小松原のフラメンコへの思い、そのルーツである常磐津への思い。
舞台への思い。美への思い。
そして彼女を支える出演者たち、スタッフたちの思い。
その思いはまっすぐに私たち観客の心に飛び込んできた。
舞台を見に来た観客たちの、小松原への思いが加わる。
音楽の美しさ!
中国の古箏とフラメンコ、常磐津、チェロとシンセサイザーと、一見かけ離れた、異なるジャンルの音楽が一体となってつくりあげる空気の美しさ。
とくに常磐津とフラメンコは遠く離れた音楽のようでいて、声と弦という組み合わせゆえもあるのだろうか、実はそれほど遠いものではないように思えた。
とくに常磐津の音で小松原が花道から現れる場面は、バタ・デ・コーラで、スペイン舞踊の動きをしているのに、あまりにも自然にあっているのに驚かされた。 花道やすっぽん(花道にあるセリ)などの使い方のうまさも、幼い頃から伝統芸能と親しんできた彼女ならではなのだろう。

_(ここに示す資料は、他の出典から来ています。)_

(* Let $\mathcal G=(V_{\min},V_{\max},E,w,\lambda)$ be a discounted payoff game, $\sigma,\sigma'$ joint strategies, and let $\nu$ be a valuation satisfying $H$ that minimises $f_\sigma$ over all solutions of $H$. If $f_{\sigma'}(\nu)<f_\sigma(\nu)$, then $\sigma'$ is better than $\sigma$.
   Context: A discounted payoff game is a tuple $\mathcal G=(V_{\min},V_{\max},E,w,\lambda)$ with $V=V_{\min}\cup V_{\max}$ finite (disjoint union), $E\subseteq V\times V$ with every vertex having an outgoing edge, $w:E\to\mathbb R$, $\lambda:E\to[0,1)$. A joint strategy is a map $\sigma:V\to V$ with $(v,\sigma(v))\in E$ for all $v$. $H$ is the system of inequations over $x\in\mathbb R^V$ containing, for each edge $e=(v,v')$, $x(v)\ge w_e+\lambda_e x(v')$ if $v\in V_{\max}$ and $x(v)\le w_e+\lambda_e x(v')$ if $v\in V_{\min}$. $\mathsf{offset}(x,(v,v'))=x(v)-(w_{(v,v')}+\lambda_{(v,v')}x(v'))$ if $v\in V_{\max}$, and $(w_{(v,v')}+\lambda_{(v,v')}x(v'))-x(v)$ otherwise. $f_\sigma(x)=\sum_{v\in V}\mathsf{offset}(x,(v,\sigma(v)))$. A joint strategy $\sigma'$ is better than $\sigma$ iff $\min\{f_{\sigma'}(x)\mid x \text{ solves } H\}<\min\{f_{\sigma}(x)\mid x\text{ solves } H\}$. *)

theory Defs
  imports "HOL-Analysis.Analysis"
begin

definition dpg :: "'v::finite set \<Rightarrow> 'v set \<Rightarrow> ('v \<times> 'v) set \<Rightarrow> ('v \<times> 'v \<Rightarrow> real)
                    \<Rightarrow> ('v \<times> 'v \<Rightarrow> real) \<Rightarrow> bool" where
  "dpg Vmin Vmax E w lam \<longleftrightarrow>
     Vmin \<inter> Vmax = {} \<and> Vmin \<union> Vmax = UNIV \<and>
     (\<forall>v. \<exists>v'. (v, v') \<in> E) \<and>
     (\<forall>e\<in>E. 0 \<le> lam e \<and> lam e < 1)"

definition joint_strategy :: "('v \<times> 'v) set \<Rightarrow> ('v \<Rightarrow> 'v) \<Rightarrow> bool" where
  "joint_strategy E \<sigma> \<longleftrightarrow> (\<forall>v. (v, \<sigma> v) \<in> E)"

definition solves_H :: "'v set \<Rightarrow> 'v set \<Rightarrow> ('v \<times> 'v) set \<Rightarrow> ('v \<times> 'v \<Rightarrow> real)
                    \<Rightarrow> ('v \<times> 'v \<Rightarrow> real) \<Rightarrow> ('v \<Rightarrow> real) \<Rightarrow> bool" where
  "solves_H Vmin Vmax E w lam x \<longleftrightarrow>
     (\<forall>(v, v')\<in>E. (v \<in> Vmax \<longrightarrow> x v \<ge> w (v, v') + lam (v, v') * x v') \<and>
                  (v \<in> Vmin \<longrightarrow> x v \<le> w (v, v') + lam (v, v') * x v'))"

definition offset :: "'v set \<Rightarrow> ('v \<times> 'v \<Rightarrow> real) \<Rightarrow> ('v \<times> 'v \<Rightarrow> real)
                    \<Rightarrow> ('v \<Rightarrow> real) \<Rightarrow> 'v \<times> 'v \<Rightarrow> real" where
  "offset Vmax w lam x e =
     (if fst e \<in> Vmax then x (fst e) - (w e + lam e * x (snd e))
      else (w e + lam e * x (snd e)) - x (fst e))"

definition f_strat :: "'v::finite set \<Rightarrow> ('v \<times> 'v \<Rightarrow> real) \<Rightarrow> ('v \<times> 'v \<Rightarrow> real)
                    \<Rightarrow> ('v \<Rightarrow> 'v) \<Rightarrow> ('v \<Rightarrow> real) \<Rightarrow> real" where
  "f_strat Vmax w lam \<sigma> x = (\<Sum>v\<in>UNIV. offset Vmax w lam x (v, \<sigma> v))"

text \<open>min{f_sigma(x) | x solves H}; all offsets are nonnegative on solutions,
  so the set is bounded below and Inf is the minimum whenever it is attained.\<close>
definition opt_val :: "'v::finite set \<Rightarrow> 'v set \<Rightarrow> ('v \<times> 'v) set \<Rightarrow> ('v \<times> 'v \<Rightarrow> real)
                    \<Rightarrow> ('v \<times> 'v \<Rightarrow> real) \<Rightarrow> ('v \<Rightarrow> 'v) \<Rightarrow> real" where
  "opt_val Vmin Vmax E w lam \<sigma> =
     Inf {f_strat Vmax w lam \<sigma> x | x. solves_H Vmin Vmax E w lam x}"

definition better :: "'v::finite set \<Rightarrow> 'v set \<Rightarrow> ('v \<times> 'v) set \<Rightarrow> ('v \<times> 'v \<Rightarrow> real)
                    \<Rightarrow> ('v \<times> 'v \<Rightarrow> real) \<Rightarrow> ('v \<Rightarrow> 'v) \<Rightarrow> ('v \<Rightarrow> 'v) \<Rightarrow> bool" where
  "better Vmin Vmax E w lam \<sigma>' \<sigma> \<longleftrightarrow>
     opt_val Vmin Vmax E w lam \<sigma>' < opt_val Vmin Vmax E w lam \<sigma>"

end

theory Submission
  imports Defs
begin

(* On solutions of H every edge offset is nonnegative, so each f_sigma is bounded below by 0 there
   and its infimum is a genuine lower bound: opt_val sigma' <= f_sigma'(nu) < f_sigma(nu) = opt_val sigma. *)

lemma offset_nonneg:
  assumes "dpg Vmin Vmax E w lam" and "solves_H Vmin Vmax E w lam x" and "(v, v') \<in> E"
  shows "0 \<le> offset Vmax w lam x (v, v')"
proof -
  have "v \<in> Vmin \<or> v \<in> Vmax"
    using assms(1) unfolding dpg_def by blast
  moreover have "(v \<in> Vmax \<longrightarrow> w (v, v') + lam (v, v') * x v' \<le> x v) \<and>
                 (v \<in> Vmin \<longrightarrow> x v \<le> w (v, v') + lam (v, v') * x v')"
    using assms(2,3) unfolding solves_H_def by blast
  ultimately show ?thesis
    unfolding offset_def by auto
qed

lemma f_strat_nonneg:
  assumes "dpg Vmin Vmax E w lam" and "joint_strategy E \<sigma>" and "solves_H Vmin Vmax E w lam x"
  shows "0 \<le> f_strat Vmax w lam \<sigma> x"
  unfolding f_strat_def
  using offset_nonneg[OF assms(1,3)] assms(2)
  by (simp add: joint_strategy_def sum_nonneg)

lemma opt_val_le_f_strat:
  assumes "dpg Vmin Vmax E w lam" and "joint_strategy E \<sigma>" and "solves_H Vmin Vmax E w lam x"
  shows "opt_val Vmin Vmax E w lam \<sigma> \<le> f_strat Vmax w lam \<sigma> x"
  unfolding opt_val_def
proof (rule cInf_lower)
  show "f_strat Vmax w lam \<sigma> x \<in> {f_strat Vmax w lam \<sigma> y | y. solves_H Vmin Vmax E w lam y}"
    using assms(3) by blast
  show "bdd_below {f_strat Vmax w lam \<sigma> y | y. solves_H Vmin Vmax E w lam y}"
    using f_strat_nonneg[OF assms(1,2)] by (auto intro: bdd_belowI[of _ 0])
qed

lemma opt_val_eq_minimum:
  assumes "solves_H Vmin Vmax E w lam \<nu>"
    and "\<And>x. solves_H Vmin Vmax E w lam x \<Longrightarrow> f_strat Vmax w lam \<sigma> \<nu> \<le> f_strat Vmax w lam \<sigma> x"
  shows "opt_val Vmin Vmax E w lam \<sigma> = f_strat Vmax w lam \<sigma> \<nu>"
  unfolding opt_val_def
  using assms by (intro cInf_eq_minimum) auto

theorem lemma4p1:
  fixes Vmin Vmax :: "'v::finite set" and E :: "('v \<times> 'v) set"
    and w lam :: "'v \<times> 'v \<Rightarrow> real" and \<sigma> \<sigma>' :: "'v \<Rightarrow> 'v" and \<nu> :: "'v \<Rightarrow> real"
  assumes "dpg Vmin Vmax E w lam"
    and "joint_strategy E \<sigma>" and "joint_strategy E \<sigma>'"
    and "solves_H Vmin Vmax E w lam \<nu>"
    and "\<forall>x. solves_H Vmin Vmax E w lam x \<longrightarrow> f_strat Vmax w lam \<sigma> \<nu> \<le> f_strat Vmax w lam \<sigma> x"
    and "f_strat Vmax w lam \<sigma>' \<nu> < f_strat Vmax w lam \<sigma> \<nu>"
  shows "better Vmin Vmax E w lam \<sigma>' \<sigma>"
proof -
  have "opt_val Vmin Vmax E w lam \<sigma>' \<le> f_strat Vmax w lam \<sigma>' \<nu>"
    using opt_val_le_f_strat[OF assms(1,3,4)] .
  also have "\<dots> < f_strat Vmax w lam \<sigma> \<nu>"
    using assms(6) .
  also have "\<dots> = opt_val Vmin Vmax E w lam \<sigma>"
    using opt_val_eq_minimum[OF assms(4)] assms(5) by simp
  finally show ?thesis
    unfolding better_def .
qed

end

宴の場面以外はほぼ舞台にでずっぱりというのにも驚いた。あふれるばかりのエネルギー。それも彼女の思いゆえだろう。
長年の共演者であるクリージョもみせかたをよく心得ている。まるで年をとっていないかのような、スペイン国立バレエ団で第一舞踊手をつとめ、主役を踊っていた頃とまるでかわらないアントニオ・マルケスの小松原をたてる美しいサポート。クリージョとアントニオのデュオも美しい。スペイン国立バレエの黄金時代を思い出させる。
ビデオの使い方や照明、装置など美術も細かいところまでよく考えられている。
主にクリージョのものだという群舞の振付も、大人数をうまく処理していた。
公演なかばの宴の場面は、それぞれの踊り手に見せ場を用意するだけでなく、群舞のバリエーションも豊富で、歌い手も加わり、まさに華やかに繰り広げられる宴そのものだ。 スペインからきた若手男性ダンサーたちのレベルの高さ。フラメンコだけでなくスペイン舞踊全般を学んでいるからこその身のこなし。日本人ダンサーでも、今のスペインを感じさせる里有光子、優雅な入交恒子、ベテラン、鈴木敬子、中島朋子らが華を添えた。
一番最初、緑の山の映像の中にうかびあがった小松原の、すっと天に伸ばしたその腕のかたちの美しさ。長年のフラメンコ、スペイン舞踊への愛はかたちになって現れる。
その瞬間から最後の挨拶まで、彼女の思いがいっぱいにつまった舞台は、確実に私たちの心に届いた。